Clip Assembly/Composition Generation
[0039] Referring now to FIGS. 2, 5 and 6a-6c, the steps performed
by the clip assembler 50 of FIG. 2 in order to generate an encoded
audio/video composition or article comprised of a plurality of
distinct clips is now described.
[0040] Thus, upon commencement of the method, at step S510 the
assembler 50, under control of a playlist received via the playlist
input interface 506 (which is most likely to come from another
software module, for example one which builds or selects a playlist
based on intuitive controls manipulated by an end user wishing to
view a video composition), obtains the first clip to be assembled
into the ultimate audio/video composition from the Clip Store 10.
The method then proceeds to step S520 in which the next clip (i.e.
on the first iteration of this step it is the second clip) to be
added to the composition (according to the playlist) is obtained
from the Clip Store 10.
[0041] Upon completion of step S520, the method proceeds to step
S530 in which the Clip Assembler 50 concatenates the audio frames
of the clip obtained in step S520 to the existing audio frames of
the composition (which is just the first clip on the first
iteration of this step). Similarly the video frames of the clip
obtained in step S520 are concatenated to the existing video frames
of the composition. On the first iteration, this concatenation
results in an extended clip such as that shown in FIG. 6b where the
top two clips of FIG. 6a (clips a and b having video frames
aV1-aV10 and bV1-bV81 respectively, and having audio frames
aA1-aA152 and bA1-bA122 respectively) are concatenated to produce a
composition having video frames aV1-bV81 and audio frames
aA1-bA122. Note that since the audio stream duration is 1/2 an
audio frame longer than the video stream in all of the clips of
FIG. 6a, by the time the first two of these clips have been
concatenated, the combined audio stream (i.e. the duration of
frames aA1-bA122 is 1 audio frame longer than the combined video
stream (aV1-bV81).
[0042] Note that in the present embodiment, the video clips being
concatenated are in the Flash Video format and the output
(intermediate) composition of each concatenation is also in the
Flash Video format. In this format, each frame (both audio and
video) is associated with a timestamp specifying the time at which
the frame should be played by the media player (ultimately
responsible for playing the file). (Note that interestingly actual
media players often simply play audio frames in the order in which
they appear deliberately disregarding any gaps suggested by
non-contiguous timestamps in the audio frames to avoid unpleasant
sounds resulting from such gaps--in such cases, the audio
timestamps are used to determine which video frames to play--i.e.

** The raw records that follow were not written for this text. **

definition no_weak_investment_on :: "('i \<Rightarrow> 's \<Rightarrow> 's \<Rightarrow> real) \<Rightarrow> 'i set \<Rightarrow> 's set \<Rightarrow> bool" where
  "no_weak_investment_on m I L \<longleftrightarrow>
    (\<forall>i. (\<forall>A\<in>I. \<forall>r\<in>L. 0 \<le> i A r) \<longrightarrow> (\<exists>r\<in>L. net_return m I L i r \<le> 0))"

lemma net_return_add:
  "net_return m I L (\<lambda>A r. i A r + j A r) r = net_return m I L i r + net_return m I L j r"
  by (simp add: net_return_def sum.distrib algebra_simps)

lemma net_return_scale:
  "net_return m I L (\<lambda>A r. c * i A r) r = c * net_return m I L i r"
  by (simp add: net_return_def sum_distrib_left algebra_simps)

lemma net_return_zero: "net_return m I L (\<lambda>A r. 0) r = 0"
  by (simp add: net_return_def)

lemma net_return_single_investment:
  assumes "finite I" "finite L" "A \<in> I" "r' \<in> L"
  shows "net_return m I L (\<lambda>B s. of_bool (B = A \<and> s = r')) r = m A r r' - of_bool (r = r')"
proof -
  have "(\<Sum>s\<in>L. of_bool (B = A \<and> s = r') * m B r s) = of_bool (B = A) * m A r r'" for B
    using assms by (cases "B = A") simp_all
  then show ?thesis
    using assms by (cases "r = r'") (simp_all add: net_return_def)
qed

lemma weighted_net_return_eq_0:
  assumes "common_stationary m I L \<nu>"
  shows "(\<Sum>r\<in>L. \<nu> r * net_return m I L i r) = 0"
proof -
  have "(\<Sum>r\<in>L. \<nu> r * (\<Sum>A\<in>I. \<Sum>r'\<in>L. i A r' * m A r r'))
      = (\<Sum>r\<in>L. \<Sum>A\<in>I. \<Sum>r'\<in>L. i A r' * (\<nu> r * m A r r'))"
    by (simp add: sum_distrib_left algebra_simps)
  also have "\<dots> = (\<Sum>A\<in>I. \<Sum>r'\<in>L. \<Sum>r\<in>L. i A r' * (\<nu> r * m A r r'))"
    by (rule trans[OF sum.swap], rule sum.cong[OF refl], rule sum.swap)
  also have "\<dots> = (\<Sum>A\<in>I. \<Sum>r'\<in>L. i A r' * \<nu> r')"
    using assms by (simp add: common_stationary_def flip: sum_distrib_left)
  also have "\<dots> = (\<Sum>r\<in>L. \<nu> r * (\<Sum>A\<in>I. i A r))"
    by (subst sum.swap) (simp add: sum_distrib_left algebra_simps)
  finally show ?thesis
    by (simp add: net_return_def right_diff_distrib sum_subtractf)
qed

lemma exists_nonpos_net_return_if_common_stationary:
  assumes "finite L" "\<forall>r\<in>L. 0 \<le> \<nu> r" "\<exists>r\<in>L. \<nu> r \<noteq> 0" "common_stationary m I L \<nu>"
  shows "\<exists>r\<in>L. net_return m I L i r \<le> 0"
  by (rule exists_nonpos_if_weighted_sum_nonpos[OF assms(1-3)])
    (simp add: weighted_net_return_eq_0[OF assms(4)])

lemma common_stationary_if_subinvariant:
  assumes "finite L" and stochastic: "stochastic_on m I L"
    and sub: "\<And>A r'. A \<in> I \<Longrightarrow> r' \<in> L \<Longrightarrow> (\<Sum>r\<in>L. \<nu> r * m A r r') \<le> \<nu> r'"
  shows "common_stationary m I L \<nu>"
  unfolding common_stationary_def
proof (intro ballI)
  fix A r' assume "A \<in> I" "r' \<in> L"
  have "(\<Sum>r'\<in>L. \<Sum>r\<in>L. \<nu> r * m A r r') = (\<Sum>r\<in>L. \<nu> r * (\<Sum>r'\<in>L. m A r r'))"
    by (subst sum.swap) (simp add: sum_distrib_left)
  also have "\<dots> = (\<Sum>r\<in>L. \<nu> r)"
    using stochastic \<open>A \<in> I\<close> by (simp add: stochastic_on_def)
  finally have mass: "(\<Sum>r'\<in>L. \<Sum>r\<in>L. \<nu> r * m A r r') = (\<Sum>r'\<in>L. \<nu> r')" .
  show "(\<Sum>r\<in>L. \<nu> r * m A r r') = \<nu> r'"
    using sum_mono_inv[OF mass sub[OF \<open>A \<in> I\<close>] \<open>r' \<in> L\<close> \<open>finite L\<close>] .
qed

whatever the timestamp says for a currently playing audio frame
determines the corresponding video frame to be displayed at that
same time). Naturally, these timestamps need to be updated as the
clips are concatenated such that timestamps become contiguous
rather than returning back to zero at the start of each clip within
the concatenation/composition.
[0043] Upon completion of step S530, at step S540 the video
assembler compares the total video and audio stream durations; if
at step S550 it determines that the total audio stream duration is
more than half of an audio frame longer in duration than the total
video stream duration (as is the case for the composition shown in
FIG. 6b), then at step S560 the excess audio frame (or frames) is
(are) deleted from the composition (illustrated by the X through
the excess audio frame bA122 in FIG. 6b).
[0044] Upon completion of step S560 (or upon completion of step
S550 if it is determined there that the audio stream is not greater
than the video stream by more than half an audio frame) the method
proceeds to step S570 where it is determined if there are more
clips to add to the composition, if so, the method iterates back to
step S520 where the next clip is obtained and then steps S520-S570
are repeated until there are no remaining clips to add to the
composition at which point the method proceeds from step S570 to
step S580.
[0045] FIG. 6c illustrates the final composition after iterating
through steps S520 to S570 for a second time and adding clip c
(containing audio frames cA1-cA182 and video frames cV1-cV121) to
the composition. Note on the second iteration since the composited
total audio stream is not greater than half an audio frame longer
than the composited video stream (it is exactly 1/2 an audio frame
longer) a negative determination is made at step S550 and the
method proceeds straight through to step S570 without performing
any trimming at step S560, and then at step S570 a negative
determination is again made since there are no further clips to be
included in the composition and the method therefore proceeds to
step S580.
[0046] At step S580, the clip assembler 50 performs any final
processing required to convert the format to the preferred final
form of the video clip and to make the overhead data of the
composition file (e.g. any frame index information or time-stamp
information contained in the file, etc.) consistent with the actual
frames contained within the composition is performed. In the
present embodiment, the encoded compressed audio and video frames
are re-packaged into an FLV format with correct indexing and
time-stamp data. This step is performed automatically by many video
editing software applications (e.g. the VideoDub application
referred to above) and can be performed very quickly in real-time
because no data encoding or compression is involved.
Variations
[0047] In the present embodiment, the clip assembler only assembles
clips pre-prepared using the clip generator 40 of FIG. 1 and
therefore always operates on clips for which the audio stream is no
shorter than the video stream and is never longer than the video
stream by one whole audio frame or more. However, in alternative
embodiments, the clips could be generated using some other
mechanism such that the audio and video streams could have
different relationships to one another. In such a case, the clip
assembler is preferably operable to compare the audio and video
streams of the composition (including the first clip in the
composition before any concatenation is performed) and perform
trimming of either any excess video frames or any excess audio
frames, as appropriate, or alternatively perform extending of
either the audio or video stream by adding extra (pre-encoded)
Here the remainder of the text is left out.